But she liked good food, and she was a vegetarian werewolf struggling against the expectation of being a massive carnivore, and preparing something like this for her would be…thoughtful.

I tossed my notebook down into my bag on the floor. "You guys, obviously," I said. "A main and a group activity, all at once."

"Next time, bring score cards so we can eviscerate your efforts anonymously," Elias suggested, and I glared at him only to find him smirking back at me, a little too knowingly for a moth fae who couldn't read minds. I'd have to corner Astraeya at work and make sure they weren't gossiping about me behind my back.

CHAPTER 12

Hannah

"Hi, I'm Fletcher."

"Hi, Fletcher."

"I was turned a few months ago actually, but…it's just been…"

I stared at the man standing now, huge and rugged and handsome in a scraggly woodsman sort of way. He looked like a good candidate for a werewolf, a properly terrifying one. But he was standing with his shoulders hunched, a wounded flinch crinkling the scar near his right eye. He cleared his throat, and my eyes fell to my lap, too familiar with this particular wound.

"Hard," he said lamely, the single word thick with meaning. Someone in the circle hummed in sympathy, and his lips twitched. "Just hard. Don't really…know who I am anymore. Feel like the monster just has all of me."

My chest burned and my thighs ached with the urge to stand and run. There'd been other new members to our little circle since I'd joined, and some stayed while others moved on quickly. They were always the hardest stories for me to listen to, my own experience endlessly fresh.

"But I don't really wanna be that guy, so I'm…so I'm here now. And I'm hoping you can help," he said, shrugging and looking briefly around at us through large, vivid ice blue eyes, the reddened whiskers of his beard shifting as he licked his lips.
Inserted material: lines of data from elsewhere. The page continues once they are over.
(* Let $(\varphi,\mathcal A,V)$ be a linear system with $\mathcal A$ and $V$ finite dimensional. (i) If $(\pi,S,T,W)$ is a principle dilation system of $(\varphi,\mathcal A,V)$ with $\dim W=(\dim\mathcal A)(\dim V)$, then every linearly minimal homomorphism dilation system of $(\varphi,\mathcal A,V)$ is irreducible, hence principle. (ii) If $(\pi,S,T,W)$ is a principle dilation system of $(\varphi,\mathcal A,V)$ and $(\pi_1,S_1,T_1,W_1)$ is a linearly minimal homomorphism dilation system with $\dim W_1\le\dim W$, then $(\pi_1,S_1,T_1,W_1)$ is irreducible.
   Context: Fix a field $\mathbb F$; all algebras and vector spaces are over $\mathbb F$, and $L(X)$ is the algebra of linear maps $X\to X$. A linear system $(\varphi,\mathcal A,V)$: $\mathcal A$ a unital associative algebra with unit $I$, $V$ a vector space, $\varphi:\mathcal A\to L(V)$ linear with $\varphi(I)=\mathrm{id}_V$. A homomorphism dilation system $(\pi,S,T,W)$: $W$ a vector space, $\pi:\mathcal A\to L(W)$ a unital homomorphism, $T:V\to W$ injective linear, $S:W\to V$ surjective linear, $\varphi(a)=S\pi(a)T$ for all $a$. It is linearly minimal if $W=\mathrm{span}\{\pi(a)Tv\}$, irreducible if $\ker S$ contains no nonzero subspace invariant under all $\pi(a)$, and principle if linearly minimal and irreducible. *)

theory Defs
  imports Main "HOL.Vector_Spaces"
begin

definition unital_algebra ::
  "('f::field \<Rightarrow> 'a::ab_group_add \<Rightarrow> 'a) \<Rightarrow> ('a \<Rightarrow> 'a \<Rightarrow> 'a) \<Rightarrow> 'a \<Rightarrow> bool" where
  "unital_algebra sA mult one \<longleftrightarrow>
     vector_space sA \<and>
     (\<forall>x. Vector_Spaces.linear sA sA (\<lambda>y. mult x y)) \<and>
     (\<forall>y. Vector_Spaces.linear sA sA (\<lambda>x. mult x y)) \<and>
     (\<forall>x y z. mult (mult x y) z = mult x (mult y z)) \<and>
     (\<forall>x. mult one x = x \<and> mult x one = x)"

definition fin_dim :: "('f::field \<Rightarrow> 'v::ab_group_add \<Rightarrow> 'v) \<Rightarrow> bool" where
  "fin_dim s \<longleftrightarrow> (\<exists>B. finite B \<and> module.span s B = UNIV)"

abbreviation dimension :: "('f::field \<Rightarrow> 'v::ab_group_add \<Rightarrow> 'v) \<Rightarrow> nat" where
  "dimension s \<equiv> vector_space.dim s UNIV"

definition linear_system ::
  "('f::field \<Rightarrow> 'a::ab_group_add \<Rightarrow> 'a) \<Rightarrow> ('a \<Rightarrow> 'a \<Rightarrow> 'a) \<Rightarrow> 'a \<Rightarrow>
   ('f \<Rightarrow> 'v::ab_group_add \<Rightarrow> 'v) \<Rightarrow> ('a \<Rightarrow> 'v \<Rightarrow> 'v) \<Rightarrow> bool" where
  "linear_system sA mult one sV \<phi> \<longleftrightarrow>
     unital_algebra sA mult one \<and> vector_space sV \<and>
     (\<forall>a. Vector_Spaces.linear sV sV (\<phi> a)) \<and>
     (\<forall>a b. \<phi> (a + b) = (\<lambda>v. \<phi> a v + \<phi> b v)) \<and>
     (\<forall>c a. \<phi> (sA c a) = (\<lambda>v. sV c (\<phi> a v))) \<and>
     \<phi> one = id"

definition hom_dilation ::
  "('f::field \<Rightarrow> 'a::ab_group_add \<Rightarrow> 'a) \<Rightarrow> ('a \<Rightarrow> 'a \<Rightarrow> 'a) \<Rightarrow> 'a \<Rightarrow>
   ('f \<Rightarrow> 'v::ab_group_add \<Rightarrow> 'v) \<Rightarrow> ('a \<Rightarrow> 'v \<Rightarrow> 'v) \<Rightarrow>
   ('f \<Rightarrow> 'w::ab_group_add \<Rightarrow> 'w) \<Rightarrow> ('a \<Rightarrow> 'w \<Rightarrow> 'w) \<Rightarrow> ('w \<Rightarrow> 'v) \<Rightarrow> ('v \<Rightarrow> 'w) \<Rightarrow> bool" where
  "hom_dilation sA mult one sV \<phi> sW \<pi> S T \<longleftrightarrow>
     vector_space sW \<and>
     (\<forall>a. Vector_Spaces.linear sW sW (\<pi> a)) \<and>
     (\<forall>a b. \<pi> (a + b) = (\<lambda>w. \<pi> a w + \<pi> b w)) \<and>
     (\<forall>c a. \<pi> (sA c a) = (\<lambda>w. sW c (\<pi> a w))) \<and>
     (\<forall>a b. \<pi> (mult a b) = \<pi> a \<circ> \<pi> b) \<and>
     \<pi> one = id \<and>
     Vector_Spaces.linear sV sW T \<and> inj T \<and>
     Vector_Spaces.linear sW sV S \<and> surj S \<and>
     (\<forall>a. \<phi> a = S \<circ> \<pi> a \<circ> T)"

definition linearly_minimal ::
  "('f::field \<Rightarrow> 'w::ab_group_add \<Rightarrow> 'w) \<Rightarrow> ('a \<Rightarrow> 'w \<Rightarrow> 'w) \<Rightarrow> ('v \<Rightarrow> 'w) \<Rightarrow> bool" where
  "linearly_minimal sW \<pi> T \<longleftrightarrow> module.span sW {\<pi> a (T v) | a v. True} = UNIV"

definition irreducible_dil ::
  "('f::field \<Rightarrow> 'w::ab_group_add \<Rightarrow> 'w) \<Rightarrow> ('a \<Rightarrow> 'w \<Rightarrow> 'w) \<Rightarrow> ('w \<Rightarrow> 'v::zero) \<Rightarrow> bool" where
  "irreducible_dil sW \<pi> S \<longleftrightarrow>
     (\<forall>U. module.subspace sW U \<and> U \<subseteq> {w. S w = 0} \<and> (\<forall>a. \<pi> a ` U \<subseteq> U) \<longrightarrow> U = {0})"

definition principle_dil ::
  "('f::field \<Rightarrow> 'w::ab_group_add \<Rightarrow> 'w) \<Rightarrow> ('a \<Rightarrow> 'w \<Rightarrow> 'w) \<Rightarrow> ('w \<Rightarrow> 'v::zero) \<Rightarrow> ('v \<Rightarrow> 'w) \<Rightarrow> bool" where
  "principle_dil sW \<pi> S T \<longleftrightarrow> linearly_minimal sW \<pi> T \<and> irreducible_dil sW \<pi> S"

end

theory Submission
  imports Defs
begin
Always hungry, us werewolves.

He glanced at Diane as he started to sit, and then startled and stood straight again. "I am what I am?" he asked, guessing at the words we'd already repeated several times today.

"I am what I am," we answered him in unison.
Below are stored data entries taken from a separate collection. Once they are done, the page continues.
(* Let $G$ be a group, $\partial$ an endomorphism of $G$, and $a,\sigma$ fixed elements of $G$. Write $\sigma_i=\partial^{i-1}(\sigma)$ and $a_i=\partial^{i-1}(a)$ for $i\ge1$, and let $H$ be the subgroup of $G$ generated by all $\sigma_i$ and $a_i$. Define $x*y=x\cdot\partial y\cdot\sigma\cdot\partial x^{-1}$ and $x\circ y=x\cdot\partial y\cdot a$. Then $(H,*,\circ)$ is an ALD-system if and only if the elements $\sigma_i,a_i$ satisfy the relations: $\sigma_j\sigma_i=\sigma_i\sigma_j$ and $a_j\sigma_i=\sigma_ia_j$ for $j\ge i+2$; $a_j\sigma_i=\sigma_{i+1}a_j$ and $a_ja_i=a_{i+1}a_j$ for $j\le i-1$; $\sigma_j\sigma_i\sigma_j=\sigma_i\sigma_j\sigma_i$, $\sigma_i\sigma_ja_i=a_j\sigma_i$ and $\sigma_j\sigma_ia_j=a_i\sigma_i$ for $j=i+1$ (i.e., if and only if $H$ is a homomorphic image of $B_\bullet$ via $\sigma_i\mapsto\sigma_i$, $a_i\mapsto a_i$).
   Context: An ALD-system is a set with two binary operations $*,\circ$ satisfying $x*(y*z)=(x*y)*(x*z)$, $x*(y*z)=(x\circ y)*z$ and $x*(y\circ z)=(x*y)\circ(x*z)$. $B_\bullet$ denotes the group presented by generators $\sigma_1,\sigma_2,\dots,a_1,a_2,\dots$ and the relations listed in the claim. *)

theory Defs
  imports "HOL-Algebra.Generated_Groups"
begin

definition ald_system :: "'a set \<Rightarrow> ('a \<Rightarrow> 'a \<Rightarrow> 'a) \<Rightarrow> ('a \<Rightarrow> 'a \<Rightarrow> 'a) \<Rightarrow> bool" where
  "ald_system S st ci \<longleftrightarrow>
     (\<forall>x\<in>S. \<forall>y\<in>S. st x y \<in> S \<and> ci x y \<in> S) \<and>
     (\<forall>x\<in>S. \<forall>y\<in>S. \<forall>z\<in>S.
        st x (st y z) = st (st x y) (st x z) \<and>
        st x (st y z) = st (ci x y) z \<and>
        st x (ci y z) = ci (st x y) (st x z))"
I forced my lips to sound out the words with the others, but not for the first time wondered what they really meant. It sounded so resigned. For me, it was simply a reminder that I couldn't turn back time, not be running in that graveyard on the full moon, feeling quiet and calm one moment, and then panicked and frantic the next. Maybe for the others, it was a reminder to embrace our nature, all teeth and claw and hunger.

"Hannah?" Diane called, rousing me.

I found her at the front, opened my mouth to shake my head and answer my usual 'not today,' and then paused. I'd never spoken, just listened. Theo twisted in his chair to glance back at me, and his eyes were owlish behind his glasses, huge and surprised. Because I was standing up.

"I—" I was supposed to introduce myself, to let the group call back to me, but if I hesitated, heard their requisite "Hi, Hannah" back and faced what I was doing, I would sit back down immediately. So I just barreled ahead. "I've never transformed in front of anyone. Not even a mirror. I don't want to see myself as a werewolf, or know what I look like. I don't want to see the monster that made me a werewolf in a reflection," I said.

A few eyes winced away, but I was trying to keep my stare resolutely up above them all anyway, aware of the glow of Diane watching and listening, and the little reflective glimmer of Theo's glasses still turned in my direction.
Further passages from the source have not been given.